The aim of this post is to explain the integration method developed by Turing Award laureate William Kahan for HP calculators in the 1980s (HP-34C, HP-15C, HP-42S), but this will be the culmination of an introduction to numerical analysis (with a special emphasis on numerical integration).

A word² about errors¶

Computers are undoubtedly very poweful machines, capable of performing computations that would take days (if not months or years) to a regular human in a fraction of a second. However, because of their own nature as physical, material objects, they are still constrained by space and time, so they can only manipulate numbers with a finite amount of digits.

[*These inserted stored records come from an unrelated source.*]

lemma LIMSEQ_if_unique_limit_point:
  fixes x :: "nat \<Rightarrow> 'a::metric_space"
  assumes "compact S" and "\<And>n. x n \<in> S"
    and limit_point: "\<And>r y. strict_mono r \<Longrightarrow> (x \<circ> r) \<longlonglongrightarrow> y \<Longrightarrow> y = a"
  shows "x \<longlonglongrightarrow> a"
proof (rule ccontr)
  assume "\<not> x \<longlonglongrightarrow> a"
  then obtain e where "e > 0" and "\<exists>\<^sub>F n in sequentially. \<not> dist (x n) a < e"
    by (auto simp: tendsto_iff not_eventually)
  then have "infinite {n. \<not> dist (x n) a < e}"
    by (simp add: frequently_cofinite flip: cofinite_eq_sequentially)
  then obtain g :: "nat \<Rightarrow> nat" where g: "strict_mono g" "\<And>n. \<not> dist (x (g n)) a < e"
    using infinite_enumerate by blast
  have "\<forall>n. (x \<circ> g) n \<in> S" using assms(2) by simp
  then obtain y h where h: "strict_mono h" "(x \<circ> g \<circ> h) \<longlonglongrightarrow> y"
    using seq_compactE[OF compact_imp_seq_compact[OF \<open>compact S\<close>]] by blast
  then have "(x \<circ> g \<circ> h) \<longlonglongrightarrow> a"
    using limit_point[of "g \<circ> h" y] g(1) by (simp add: strict_mono_o o_assoc)
  then have "\<forall>\<^sub>F n in sequentially. dist (x (g (h n))) a < e"
    using \<open>e > 0\<close> tendstoD by fastforce
  then obtain n where "dist (x (g (h n))) a < e"
    by (auto simp: eventually_sequentially)
  with g(2) show False by blast
qed

lemma cball_subset_poly_cone_iff:
  fixes k :: "nat \<Rightarrow> real ^ 'n"
  assumes unit: "\<And>i. i < p \<Longrightarrow> norm (k i) = 1" and "0 \<le> r"
  shows "cball c r \<subseteq> poly_cone p k \<longleftrightarrow> (\<forall>i<p. r \<le> k i \<bullet> c)"
proof
  assume cball: "cball c r \<subseteq> poly_cone p k"
  show "\<forall>i<p. r \<le> k i \<bullet> c"
  proof (intro allI impI)
    fix i assume i: "i < p"
    have "c - r *\<^sub>R k i \<in> poly_cone p k"
      using cball unit[OF i] \<open>0 \<le> r\<close> by (auto simp: dist_norm)
    then have "0 \<le> k i \<bullet> c - r * (k i \<bullet> k i)"
      using i by (simp add: poly_cone_def inner_diff_right)
    then show "r \<le> k i \<bullet> c"
      using unit[OF i] by (simp flip: power2_norm_eq_inner)
  qed
next
  assume margin: "\<forall>i<p. r \<le> k i \<bullet> c"
  have "0 \<le> k i \<bullet> y" if "i < p" "dist c y \<le> r" for i y
  proof -
    have "k i \<bullet> (c - y) \<le> r"
      using norm_cauchy_schwarz[of "k i" "c - y"] unit that by (simp add: dist_norm)
    moreover have "r \<le> k i \<bullet> c" using margin that(1) by blast
    ultimately show ?thesis by (simp add: inner_diff_right)
  qed
  then show "cball c r \<subseteq> poly_cone p k" by (auto simp: poly_cone_def)
qed

lemma insphere_radius_ge:
  fixes k :: "nat \<Rightarrow> real ^ 'n"
  assumes unit: "\<And>i. i < p \<Longrightarrow> norm (k i) = 1"
    and ins: "is_insphere (poly_cone p k) xinf zinf"
    and "0 < s" "norm c \<le> s" "0 \<le> r" and margin: "\<forall>i<p. r \<le> k i \<bullet> c"
  shows "r / s \<le> zinf"
proof -
  have "\<forall>i<p. r / s \<le> k i \<bullet> (c /\<^sub>R s)"
    using margin \<open>0 < s\<close> by (auto simp: field_simps)
  then have "cball (c /\<^sub>R s) (r / s) \<subseteq> poly_cone p k"
    using cball_subset_poly_cone_iff[OF unit] \<open>0 < s\<close> \<open>0 \<le> r\<close> by simp
  moreover have "norm (c /\<^sub>R s) \<le> 1"
    using \<open>0 < s\<close> \<open>norm c \<le> s\<close> by (simp add: field_simps)
  ultimately show ?thesis
    using ins unfolding is_insphere_def by blast
qed

lemma insphere_radius_pos:
  fixes k :: "nat \<Rightarrow> real ^ 'n"
  assumes unit: "\<And>i. i < p \<Longrightarrow> norm (k i) = 1"
    and "interior (poly_cone p k) \<noteq> {}"
    and ins: "is_insphere (poly_cone p k) xinf zinf"
  shows "0 < zinf"
proof -
  obtain c e where "0 < e" "cball c e \<subseteq> poly_cone p k"
    using assms(2) mem_interior_cball by blast
  then have "\<forall>i<p. e \<le> k i \<bullet> c"
    using cball_subset_poly_cone_iff[OF unit] by simp
  then have "e / max 1 (norm c) \<le> zinf"
    using \<open>0 < e\<close> by (intro insphere_radius_ge[OF unit ins]) auto
  moreover have "0 < e / max 1 (norm c)"
    using \<open>0 < e\<close> by simp
  ultimately show ?thesis by linarith
qed

lemma insphere_margin:
  fixes k :: "nat \<Rightarrow> real ^ 'n"
  assumes unit: "\<And>i. i < p \<Longrightarrow> norm (k i) = 1"
    and ins: "is_insphere (poly_cone p k) xinf zinf"
  shows "\<forall>i<p. zinf \<le> k i \<bullet> xinf"
proof -
  have "cball 0 0 \<subseteq> poly_cone p k"
    by (simp add: poly_cone_def)
  with ins have "0 \<le> zinf"
    unfolding is_insphere_def by (metis norm_zero order.refl zero_le_one)
  with ins show ?thesis
    using cball_subset_poly_cone_iff[OF unit] by (simp add: is_insphere_def)
qed

text \<open>The midpoint of two distinct insphere centers lies strictly inside the unit ball,
  so rescaling it to the unit sphere would center a strictly larger inscribed ball.\<close>
lemma insphere_center_unique:
  fixes k :: "nat \<Rightarrow> real ^ 'n"
  assumes unit: "\<And>i. i < p \<Longrightarrow> norm (k i) = 1"
    and ins: "is_insphere (poly_cone p k) xinf zinf" and "0 < zinf"
    and "norm y \<le> 1" and margin: "\<forall>i<p. zinf \<le> k i \<bullet> y"
  shows "y = xinf"
proof (rule ccontr)
  assume "y \<noteq> xinf"
  define m where "m = midpoint y xinf"
  define s where "s = (1 + norm m) / 2"
  have "norm m < 1"
    unfolding m_def using \<open>norm y \<le> 1\<close> ins \<open>y \<noteq> xinf\<close>
    by (intro norm_midpoint_less_1) (auto simp: is_insphere_def)
  then have s: "0 < s" "norm m \<le> s" "s < 1"
    unfolding s_def by (auto simp: add_pos_nonneg)
  have "zinf \<le> k i \<bullet> m" if "i < p" for i
  proof -
    have "zinf \<le> k i \<bullet> y" "zinf \<le> k i \<bullet> xinf"
      using margin insphere_margin[OF unit ins] that by auto
    then show ?thesis by (simp add: m_def midpoint_def inner_add_right)
  qed
  then have "zinf / s \<le> zinf"
    using s \<open>0 < zinf\<close> by (intro insphere_radius_ge[OF unit ins]) auto
  moreover have "zinf < zinf / s"
    using s \<open>0 < zinf\<close> by (simp add: less_divide_eq)
  ultimately show False by linarith
qed

lemma lp_feasible_if_norm_le_1:
  fixes x :: "real ^ 'n"
  assumes "norm x \<le> 1" and "\<forall>i<p. z \<le> k i \<bullet> x"
  shows "lp_feasible p k xs l x z"
  unfolding lp_feasible_def
proof (intro conjI allI impI)
  fix j
  show "-1 \<le> x $ j" "x $ j \<le> 1"
    using component_le_norm_cart[of x j] assms(1) by auto
next
  fix m
  have "norm (xs m /\<^sub>R norm (xs m)) \<le> 1"
    by (cases "xs m = 0") auto
  then show "(xs m /\<^sub>R norm (xs m)) \<bullet> x \<le> 1"
    using norm_cauchy_schwarz[of "xs m /\<^sub>R norm (xs m)" x] assms(1)
    by (smt (verit) mult_left_le norm_ge_zero)
qed (use assms(2) in auto)

lemma lp_optimal_value_ge_inradius:
  fixes k :: "nat \<Rightarrow> real ^ 'n"
  assumes unit: "\<And>i. i < p \<Longrightarrow> norm (k i) = 1"
    and ins: "is_insphere (poly_cone p k) xinf zinf"
    and opt: "\<And>l. lp_optimal p k xs l (xs l) (zs l)"
  shows "zinf \<le> zs l"
proof -
  have "lp_feasible p k xs l xinf zinf"
    using ins by (intro lp_feasible_if_norm_le_1 insphere_margin[OF unit ins])
      (simp add: is_insphere_def)
  with opt[of l] show ?thesis
    by (simp add: lp_optimal_def)
qed

lemma lp_optimal_value_decseq:
  assumes opt: "\<And>l. lp_optimal p k xs l (xs l) (zs l)"
  shows "decseq zs"
proof (rule decseq_SucI)
  fix l
  have "lp_feasible p k xs l (xs (Suc l)) (zs (Suc l))"
    using opt[of "Suc l"] by (auto simp: lp_optimal_def lp_feasible_def)
  then show "zs (Suc l) \<le> zs l"
    using opt[of l] by (simp add: lp_optimal_def)
qed

lemma lp_optimal_inner_le_norm:
  assumes opt: "\<And>l. lp_optimal p k xs l (xs l) (zs l)" and "m < l"
  shows "xs m \<bullet> xs l \<le> norm (xs m)"
proof (cases "xs m = 0")
  case False
  have "(xs m /\<^sub>R norm (xs m)) \<bullet> xs l \<le> 1"
    using opt[of l] \<open>m < l\<close> by (simp add: lp_optimal_def lp_feasible_def)
  with False show ?thesis by (simp add: field_simps)
qed simp

lemma limit_point_norm_le_1:
  fixes x :: "nat \<Rightarrow> 'a::real_inner"
  assumes inner_le: "\<And>m l. m < l \<Longrightarrow> x m \<bullet> x l \<le> norm (x m)"
    and "strict_mono r" and lim: "(x \<circ> r) \<longlonglongrightarrow> y"
  shows "norm y \<le> 1"
proof -
  have "(\<lambda>j. x (r j) \<bullet> x (r (Suc j))) \<longlonglongrightarrow> y \<bullet> y"
    using lim LIMSEQ_Suc[OF lim] by (intro tendsto_inner) (auto simp: o_def)
  moreover have "(\<lambda>j. norm (x (r j))) \<longlonglongrightarrow> norm y"
    using tendsto_norm[OF lim] by (simp add: o_def)
  moreover have "x (r j) \<bullet> x (r (Suc j)) \<le> norm (x (r j))" for j
    using inner_le \<open>strict_mono r\<close> by (simp add: strict_mono_def)
  ultimately have "norm y * norm y \<le> norm y * 1"
    by (simp add: LIMSEQ_le flip: power2_norm_eq_inner power2_eq_square)
  then show ?thesis
    by (cases "y = 0") simp_all
qed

This is a problem, and a big one since the vast majority of real numbers are irrational, including ubiquitous constants such as $\pi$ or the aforementioned $\e$, and even periodic rational numbers like $1/3$ or $2/7$ cannot be represented with a finite precision.

Floating-point numbers¶

The current standard that dictates how the so-called floating-point numbers are stored and handled is the IEEE 754 (a number that you might eventually end up memorizing), which works like scientific notation but in binary. For instance, let us examine the 32 bits of the IEEE 754 representation of $2.875$: $$ 2.875 = 1.4375 \cdot 2^1 = \texttt{0b} \underbrace{\color{blue} \texttt{0}}_{\text{Sign bit}}\: \underbrace{\color{orange} \texttt{10000000}}_{\text{Exponent}}\: \underbrace{\color{green} \texttt{01110000000000000000000}}_{\text{Mantissa}}; $$ the mantissa encodes the decimal part of the factor, since $0.4375=0\cdot2^{-1} + 1\cdot2^{-2} + 1\cdot2^{-3} + 1\cdot2^{-4}$, whereas the exponent bits store, well, the exponent of the power of $2$ multiplying; finally, the sign bit is set to 0 when the number is positive, and 1 when it is negative.

There are also 64-bit floats, and if your computer has an x86 CPU with a floating-point unit (it most likely does) it even supports 80-bit floating-point numbers; if you know some C, the three formats described above correspond to the float, double and long double types when available. Most interpreted languages such as Python and JavaScript (the latter is the one running in the previous console) make things easy by keeping all decimal numbers 64-bit floats by default, so why not go up again and try executing IEEE754f64(2.875) this time to see how the number is actually saved in memory?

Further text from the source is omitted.